Same-store sales at Wendy's domestic franchised restaurants this February rose 4.1 percent, on top of a 12.4-percent growth during the same month last year, according to Wendy's International.
However, with competition as fierce as ever among the nation's largest fast feeders, Wendy's is looking to drive continued sales growth through Service Excellence. In some of the first restaurants that implemented the program more than two years ago, average sales have risen about 4 percent to 5 percent compared with the rest of the chain, according to John Barker, vice president of investor relations for Wendy's International. He said those restaurants have increased sales by speeding up service times, particularly at the drive-thru windows.

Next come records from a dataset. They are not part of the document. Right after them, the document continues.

lemma contains_le1_subdivisionI:
  assumes gH: "graph VH EH" and f: "graph_embedding f VH (EH - D) VG EG"
    and g: "inj_on g D" "\<forall>e\<in>D. g e \<in> common_neighbours VG EG (f ` e) - f ` VH"
  shows "contains_le1_subdivision VG EG VH EH"
  unfolding contains_le1_subdivision_def
proof (intro exI conjI)
  define m where "m e = (if e \<in> D then Some (g e) else None)" for e
  show "inj_on f VH" "f ` VH \<subseteq> VG" using f unfolding graph_embedding_def by auto
  show "\<forall>e\<in>EH. \<forall>e'\<in>EH. m e \<noteq> None \<and> m e = m e' \<longrightarrow> e = e'"
    using g(1) by (auto simp: m_def inj_on_def split: if_splits)
  have "e \<subseteq> VH" if "e \<in> EH" for e using gH that unfolding graph_def by auto
  then show "\<forall>e\<in>EH. case m e of
      None \<Rightarrow> f ` e \<in> EG
    | Some w \<Rightarrow> w \<in> VG \<and> w \<notin> f ` VH \<and> (\<forall>u\<in>e. {f u, w} \<in> EG)"
    using f g(2) by (auto simp: m_def graph_embedding_def common_neighbours_def)
qed

theorem lemma13:
  fixes VH :: "'a set" and EH EH' :: "'a set set"
    and VG :: "'b set" and EG :: "'b set set"
  assumes "graph VH EH" and "card VH \<ge> 1"
    and "spanning_subgraph VH EH' VH EH" and "two_degenerate VH EH'"
    and "graph VG EG" and "card VG \<ge> 1"
    and "2 * int (min_degree VG EG) - int (card VG)
           \<ge> int (card EH) - int (card EH') + int (card VH) - 2"
  shows "contains_le1_subdivision VG EG VH EH"
proof -
  note gH = assms(1) and gG = assms(5)
  have gH': "graph VH EH'" and sub: "EH' \<subseteq> EH"
    using assms(3) unfolding spanning_subgraph_def subgraph_def by simp_all
  define D where "D = EH - EH'"
  have gD: "graph VH D" using gH unfolding graph_def D_def by blast
  have "int (card D) = int (card EH) - int (card EH')"
    using sub graph_finite_edges[OF gH] by (simp add: D_def card_Diff_subset card_mono finite_subset)
  moreover have "VG \<noteq> {}" using assms(6) by auto
  ultimately have room: "card VH + card D \<le> card (common_neighbours VG EG A) + card A"
    if "A \<subseteq> VG" "card A \<le> 2" for A
    using card_common_neighbours_small[OF gG _ that] assms(7) by linarith
  have "card VH \<le> card (common_neighbours VG EG A) + card A"
    if "A \<subseteq> VG" "card A \<le> 2" for A
    using room[OF that] by linarith
  then obtain f where f: "graph_embedding f VH EH' VG EG"
    using two_degenerate_graph_embedding[OF gH' assms(4) gG] by blast
  then have "inj_on f VH" "f ` VH \<subseteq> VG" unfolding graph_embedding_def by simp_all
  then obtain g where "inj_on g D" "\<forall>e\<in>D. g e \<in> common_neighbours VG EG (f ` e) - f ` VH"
    using subdivision_vertices[OF gG _ _ gD] room by (metis order_refl)
  moreover have "EH - D = EH'" using sub by (auto simp: D_def)
  ultimately show ?thesis using contains_le1_subdivisionI[OF gH] f by metis
qed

"The pick-up window generates 55 percent of the total sales for Wendy's, and takeout is another 15 percent, so almost two-thirds of our business today is eaten off-premises," Barker said. "If we can get more cars through the drive-thru during the peak rush, then obviously we can drive sales."
Franchisees said implementation of the program has allowed them to decrease drive-thru times substantially, with average time reductions varying from 10 seconds to more than one minute. Several operators said their goal is to limit service times to 100 seconds.
Barker said new equipment, particularly the timing mechanisms and drive-thru monitors, have the added benefit of providing unit managers with data for analyzing the causes of slowdowns and bottlenecks at the drive-thrus.
The average cost of implementing the program in each restaurant varies greatly depending on the age of the store. Franchisees said costs have ranged from $2,000 to $15,000 per unit.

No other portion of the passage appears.